- Date: February 27, 2016
- Entertainment: Camp Kigali Grounds, Kigali
- Entrants: 15
- Winner: Jolly Mutesi Western Province
- Congeniality: Ariane Uwimana Eastern Province
- Photogenic: Peace Ndaruhutse Kwizera Kigali

= Miss Rwanda 2016 =

Sixth edition of the Miss Rwandan pageant

Miss Rwanda 2016, the sixth edition of the Miss Rwanda pageant, was held on February 27, 2016 at Camp Kigali Grounds in the province of Kigali.

The winner, Jolly Mutesi succeeded Doriane Kundwa, Miss Rwanda 2015. She entered Miss World 2016 but she did not place. This is the first time Rwanda has competed in the Miss World contest. The first runner up, Peace Ndaruhutse Kwizera, won the title of Miss Naiades 2016.

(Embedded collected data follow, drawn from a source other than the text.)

(* Let $f$ be such that $f(t)\to0$ as $t\to\infty$ and $f$ is eventually decreasing, and $f\in C^2(0,\infty)$ is convex on $(0,\infty)$ with $f''$ monotone on some interval $(0,\epsilon)$. (a) If moreover $f(0)$ is finite and there exists $\sigma_1\in(0,1)$ with $\lim_{t\to0}t^{\sigma_1}f'(t)=0$, then $\lim_{\omega\to\infty}\omega^{2-\sigma_1}\mathcal F_{\cos}(\omega)=0$ and $\lim_{\omega\to\infty}\omega\mathcal F_{\sin}(\omega)=f(0)$. (b) If moreover $f(0)$ is infinite and there exists $\sigma_2\in(0,1)$ with $\lim_{t\to0}t^{\sigma_2}f(t)\in(0,\infty)$, then $\lim_{\omega\to\infty}\omega^{1-\sigma_2}\mathcal F_{\cos}(\omega)\in(0,\infty)$ and $\lim_{\omega\to\infty}\omega^{1-\sigma_2}\mathcal F_{\sin}(\omega)\in(0,\infty)$.
   Context: For $\omega\ne0$, $\mathcal F_{\cos}(\omega)=\int_0^\infty f(t)\cos(t\omega)dt$ and $\mathcal F_{\sin}(\omega)=\int_0^\infty f(t)\sin(t\omega)dt$ (improper integrals). Here $f$ is defined on $[0,\infty)$ (extended evenly to $\mathbb{R}$), real-valued on $(0,\infty)$, with $f(0)$ possibly $+\infty$. *)

theory Defs
  imports "HOL-Analysis.Analysis"
begin

definition improper_integral_0_inf :: "(real \<Rightarrow> real) \<Rightarrow> real" where
  "improper_integral_0_inf g =
     Lim (at_right 0 \<times>\<^sub>F at_top) (\<lambda>(a, b). integral {a..b} g)"

definition Fcos :: "(real \<Rightarrow> real) \<Rightarrow> real \<Rightarrow> real" where
  "Fcos f \<omega> = improper_integral_0_inf (\<lambda>t. f t * cos (t * \<omega>))"

definition Fsin :: "(real \<Rightarrow> real) \<Rightarrow> real \<Rightarrow> real" where
  "Fsin f \<omega> = improper_integral_0_inf (\<lambda>t. f t * sin (t * \<omega>))"

end

theory Submission
  imports Defs "HOL-Real_Asymp.Real_Asymp"
begin

(* (a) Integrating by parts, w Fcos(w) = - int f'(t) sin(tw) dt and
   w Fsin(w) = f(0) + int f'(t) cos(tw) dt.  Convexity makes -f' nonnegative and decreasing,
   so by the second mean value theorem the part of these integrals beyond m is at most
   4 |f'(m)| / w.  For the cosine transform take m = 1/w: since |f'(t)| = o(t^-s1), both the
   part below and the part beyond 1/w are o(w^(s1-1)).  For the sine transform fix m close to 0,
   so that the part below m is at most f(0) - f(m).

   (b) Near 0, f(t) is close to c t^-s2, and the substitution u = tw turns
   w^(1-s2) int c t^-s2 k(tw) dt into c int u^-s2 k(u) du for k = cos, sin.  The error is
   small on (0, U/w) by this approximation and on (U/w, inf) by the second mean value theorem,
   once U is large.  The limits c int u^-s2 k(u) du are positive, since integration by parts
   rewrites them as positive multiples of int u^q (1 - cos u) du. *)

section \<open>Improper integrals over (0, \<infinity>)\<close>

lemma Cauchy_filter_convergent:
  fixes \<phi> :: "'a \<Rightarrow> 'b::complete_space"
  assumes "F \<noteq> bot"
    and "\<And>e. e > 0 \<Longrightarrow> \<exists>P. eventually P F \<and> (\<forall>x y. P x \<longrightarrow> P y \<longrightarrow> dist (\<phi> x) (\<phi> y) < e)"
  shows "\<exists>L. (\<phi> \<longlongrightarrow> L) F"
proof -
  have "cauchy_filter (filtermap \<phi> F)"
    unfolding cauchy_filter_metric_filtermap using assms(2) by meson
  moreover have "filtermap \<phi> F \<noteq> bot"
    using assms(1) by (simp add: filtermap_bot_iff)
  ultimately obtain L where "filtermap \<phi> F \<le> nhds L"
    using cauchy_filter_complete_converges[of "filtermap \<phi> F" UNIV] complete_UNIV by auto
  then show ?thesis
    unfolding filterlim_def by blast
qed

lemma eventually_at_right_0_prod_at_topI:
  fixes d B :: real
  assumes "d > 0" and "\<And>a b. 0 < a \<Longrightarrow> a < d \<Longrightarrow> B < b \<Longrightarrow> P (a, b)"
  shows "eventually P (at_right 0 \<times>\<^sub>F at_top)"
proof -
  have "eventually (\<lambda>a. 0 < a \<and> a < d) (at_right 0)"
    using assms(1) eventually_at_right_field by blast
  from eventually_prodI[OF this eventually_gt_at_top[of B]] show ?thesis
    by (rule eventually_mono) (use assms(2) in force)
qed

lemma tendsto_abs_diff_le:
  fixes \<phi> \<psi> :: "'a \<Rightarrow> real"
  assumes "F \<noteq> bot" "(\<phi> \<longlongrightarrow> L) F" "(\<psi> \<longlongrightarrow> M) F"
    and "eventually (\<lambda>x. \<bar>\<phi> x - c\<bar> \<le> \<psi> x) F"
  shows "\<bar>L - c\<bar> \<le> M"
proof -
  have "((\<lambda>x. \<bar>\<phi> x - c\<bar>) \<longlongrightarrow> \<bar>L - c\<bar>) F"
    by (intro tendsto_rabs tendsto_diff assms(2) tendsto_const)
  then show ?thesis
    using tendsto_le[OF assms(1,3)] assms(4) by blast
qed

(* Unlike the value improper_integral_0_inf g, which is an arbitrary Lim when the integrals
   diverge, this records convergence. *)
definition has_improper_integral_0_inf :: "(real \<Rightarrow> real) \<Rightarrow> real \<Rightarrow> bool" where
  "has_improper_integral_0_inf g I \<longleftrightarrow>
     ((\<lambda>p. integral {fst p..snd p} g) \<longlongrightarrow> I) (at_right 0 \<times>\<^sub>F at_top)"

lemma at_right_0_prod_at_top_neq_bot: "at_right (0::real) \<times>\<^sub>F at_top \<noteq> (bot :: (real \<times> real) filter)"
  by (simp add: prod_filter_eq_bot)

lemma improper_integral_0_inf_eq:
  "has_improper_integral_0_inf g I \<Longrightarrow> improper_integral_0_inf g = I"
  unfolding has_improper_integral_0_inf_def improper_integral_0_inf_def case_prod_unfold
  by (rule tendsto_Lim[OF at_right_0_prod_at_top_neq_bot])

lemma has_improper_integral_0_inf_cmult:
  "has_improper_integral_0_inf g I \<Longrightarrow> has_improper_integral_0_inf (\<lambda>t. c * g t) (c * I)"
  unfolding has_improper_integral_0_inf_def by (simp add: tendsto_mult_left)

lemma has_improper_integral_0_inf_diff:
  assumes "has_improper_integral_0_inf g I" "has_improper_integral_0_inf h J"
    and "\<And>a b. 0 < a \<Longrightarrow> g integrable_on {a..b}" "\<And>a b. 0 < a \<Longrightarrow> h integrable_on {a..b}"
  shows "has_improper_integral_0_inf (\<lambda>t. g t - h t) (I - J)"
proof -
  have "eventually (\<lambda>p. integral {fst p..snd p} g - integral {fst p..snd p} h =
      integral {fst p..snd p} (\<lambda>t. g t - h t)) (at_right 0 \<times>\<^sub>F at_top)"
    by (rule eventually_at_right_0_prod_at_topI[where d=1 and B=0])
      (simp_all add: integral_diff assms(3,4))
  with assms(1,2) show ?thesis
    unfolding has_improper_integral_0_inf_def using tendsto_cong tendsto_diff by fast
qed

lemma has_improper_integral_0_inf_cong:
  assumes "has_improper_integral_0_inf g I" and "\<And>t. 0 < t \<Longrightarrow> g t = h t"
  shows "has_improper_integral_0_inf h I"
proof -
  have "eventually (\<lambda>p. integral {fst p..snd p} g = integral {fst p..snd p} h) (at_right 0 \<times>\<^sub>F at_top)"
    by (rule eventually_at_right_0_prod_at_topI[where d=1 and B=0]) (auto intro!: integral_cong assms(2))
  with assms(1) show ?thesis
    unfolding has_improper_integral_0_inf_def using tendsto_cong by fast
qed

lemma has_improper_integral_0_inf_bound:
  assumes "has_improper_integral_0_inf g I" and "d > 0"
    and "(r \<longlongrightarrow> 0) (at_right 0)" "(s \<longlongrightarrow> 0) at_top"
    and "\<And>a b. 0 < a \<Longrightarrow> a < d \<Longrightarrow> B < b \<Longrightarrow> \<bar>integral {a..b} g - c\<bar> \<le> r a + s b + R"
  shows "\<bar>I - c\<bar> \<le> R"
proof -
  have "((\<lambda>p. r (fst p) + s (snd p) + R) \<longlongrightarrow> 0 + 0 + R) (at_right 0 \<times>\<^sub>F at_top)"
    by (intro tendsto_add tendsto_const filterlim_compose[OF assms(3) filterlim_fst]
        filterlim_compose[OF assms(4) filterlim_snd])
  moreover have "eventually (\<lambda>p. \<bar>integral {fst p..snd p} g - c\<bar> \<le> r (fst p) + s (snd p) + R)
      (at_right 0 \<times>\<^sub>F at_top)"
    using assms(5) by (intro eventually_at_right_0_prod_at_topI[OF assms(2)]) simp
  ultimately show ?thesis
    using assms(1) tendsto_abs_diff_le[OF at_right_0_prod_at_top_neq_bot]
    unfolding has_improper_integral_0_inf_def by simp
qed

lemma has_improper_integral_0_inf_Cauchy:
  fixes G :: "real \<Rightarrow> real"
  assumes int: "\<And>a b. 0 < a \<Longrightarrow> a \<le> b \<Longrightarrow> G integrable_on {a..b}"
    and at_0: "\<And>e. e > 0 \<Longrightarrow>
      \<exists>d>0. \<forall>a a'. 0 < a \<longrightarrow> a \<le> a' \<longrightarrow> a' < d \<longrightarrow> \<bar>integral {a..a'} G\<bar> < e"
    and at_inf: "\<And>e. e > 0 \<Longrightarrow>
      \<exists>B. \<forall>b b'. B \<le> b \<longrightarrow> b \<le> b' \<longrightarrow> \<bar>integral {b..b'} G\<bar> < e"
  shows "has_improper_integral_0_inf G (improper_integral_0_inf G)"
proof -
  have split: "integral {a..b} G + integral {b..c} G = integral {a..c} G"
    if "0 < a" "a \<le> b" "b \<le> c" for a b c
    using that by (intro Henstock_Kurzweil_Integration.integral_combine int) auto
  have "\<exists>L. ((\<lambda>a. integral {a..1} G) \<longlongrightarrow> L) (at_right 0)"
  proof (rule Cauchy_filter_convergent)
    fix e :: real assume "e > 0"
    then obtain d where d: "d > 0"
      "\<And>a a'. 0 < a \<Longrightarrow> a \<le> a' \<Longrightarrow> a' < d \<Longrightarrow> \<bar>integral {a..a'} G\<bar> < e"
      using at_0 by blast
    have *: "dist (integral {x..1} G) (integral {y..1} G) < e"
      if "0 < x" "x \<le> y" "y < min d 1" for x y
      using split[of x y 1] d(2)[of x y] that by (simp add: dist_real_def)
    show "\<exists>P. eventually P (at_right 0) \<and>
        (\<forall>x y. P x \<longrightarrow> P y \<longrightarrow> dist (integral {x..1} G) (integral {y..1} G) < e)"
    proof (intro exI conjI allI impI)
      show "eventually (\<lambda>x. 0 < x \<and> x < min d 1) (at_right 0)"
        using d(1) by (auto simp: eventually_at_right_field intro!: exI[of _ "min d 1"])
      fix x y assume "0 < x \<and> x < min d 1" "0 < y \<and> y < min d 1"
      then show "dist (integral {x..1} G) (integral {y..1} G) < e"
        using *[of x y] *[of y x] by (cases "x \<le> y") (auto simp: dist_commute)
    qed
  qed simp
  moreover have "\<exists>L. ((\<lambda>b. integral {1..b} G) \<longlongrightarrow> L) at_top"
  proof (rule Cauchy_filter_convergent)
    fix e :: real assume "e > 0"
    then obtain B where B: "\<And>b b'. B \<le> b \<Longrightarrow> b \<le> b' \<Longrightarrow> \<bar>integral {b..b'} G\<bar> < e"
      using at_inf by blast
    have *: "dist (integral {1..x} G) (integral {1..y} G) < e" if "max B 1 \<le> x" "x \<le> y" for x y
      using split[of 1 x y] B[of x y] that by (simp add: dist_real_def)
    show "\<exists>P. eventually P at_top \<and>
        (\<forall>x y. P x \<longrightarrow> P y \<longrightarrow> dist (integral {1..x} G) (integral {1..y} G) < e)"
    proof (intro exI conjI allI impI)
      show "eventually (\<lambda>x. max B 1 \<le> x) at_top" by (rule eventually_ge_at_top)
      fix x y assume "max B 1 \<le> x" "max B 1 \<le> y"
      then show "dist (integral {1..x} G) (integral {1..y} G) < e"
        using *[of x y] *[of y x] by (cases "x \<le> y") (auto simp: dist_commute)
    qed
  qed simp
  ultimately obtain L0 Linf where
    lim_0: "((\<lambda>a. integral {a..1} G) \<longlongrightarrow> L0) (at_right 0)" and
    lim_inf: "((\<lambda>b. integral {1..b} G) \<longlongrightarrow> Linf) at_top"
    by blast
  have "((\<lambda>p. integral {fst p..1} G + integral {1..snd p} G) \<longlongrightarrow> L0 + Linf) (at_right 0 \<times>\<^sub>F at_top)"
    by (intro tendsto_add filterlim_compose[OF lim_0 filterlim_fst] filterlim_compose[OF lim_inf filterlim_snd])
  moreover have "eventually (\<lambda>p. integral {fst p..1} G + integral {1..snd p} G =
      integral {fst p..snd p} G) (at_right 0 \<times>\<^sub>F at_top)"
    by (rule eventually_at_right_0_prod_at_topI[where d=1 and B=1]) (simp_all add: split)
  ultimately have "has_improper_integral_0_inf G (L0 + Linf)"
    unfolding has_improper_integral_0_inf_def using tendsto_cong by fast
  then show ?thesis
    using improper_integral_0_inf_eq by metis
qed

Miss Heritage Rwanda, Jane Mutoni, has finished 1st runner-up at Miss Heritage Global 2016.

==Results==

| Final Results | Contestant |
|---|---|
| Miss Rwanda 2016 | Western Province - Jolly Mutesi; |
| 1st Runner-up | Kigali - Peace Ndaruhutse Kwizera; |
| 2nd Runner-up | Kigali - Vanessa Mpogazi; |
| 3rd Runner-up | Eastern Province - Marie d’Amour Uwase Rangira; |
| 4th Runner-up | Northern Province - Sharifa Umuhoza; |

=== Special awards ===
- Miss Congeniality - Ariane Uwimana (Eastern Province)
- Miss Photogenic - Peace Ndaruhutse Kwizera (Kigali)
- Miss Popular - Sharifa Umuhoza (Northern Province)
- Miss Heritage - Jane Mutoni (Kigali)

==Contestants==

| Province represented | Name | Age | Height (cm) |
| Northern Province | Sheillah Mujyambere | 20 | 175 |
| Sharifa Umuhoza | 21 | 174 |
| Solange Uwamahoro | 21 | 170 |
| Western Province | Balbine Mutoni | 20 | 173 |
| Jolly Mutesi | 19 | 175 |
| Southern Province | Cynthia Umutoniwabo | 20 | 173 |
| Eduige Isimbi | 18 | 170 |
| Doreen Karake Umuhoza | 22 | 172 |
| Kigali | Vanessa Mpogazi | 21 | 182 |
| Jane Umutoni | 20 | 173 |
| Peace Ndaruhutse Kwizera | 20 | 177 |
| Eastern Province | Ariane Uwimana | 20 | 175 |
| Marie d'Amour Rangira Uwase | 19 | 176 |
| Delyla Akili | 20 | 174 |

== Crossovers ==
Contestants who previously competed at other national beauty pageants:

- Miss Rwanda
- 2014 : Kigali: Vanessa Mpogazi
- 2015 : Kigali: Vanessa Mpogazi
- 2015 : Western Province: Balbine Umutoni (4th Runner-up)

- Miss Elegancy Rwanda
- 2016 : Southern Province: Doreen Karake Umuhoza (2nd Runner-up)
- 2016 : Eastern Province: Marie d'Amour Rangira Uwase (1st Runner-up)

- Miss High School
- 2014 : Western Province: Balbine Umutoni (Winner)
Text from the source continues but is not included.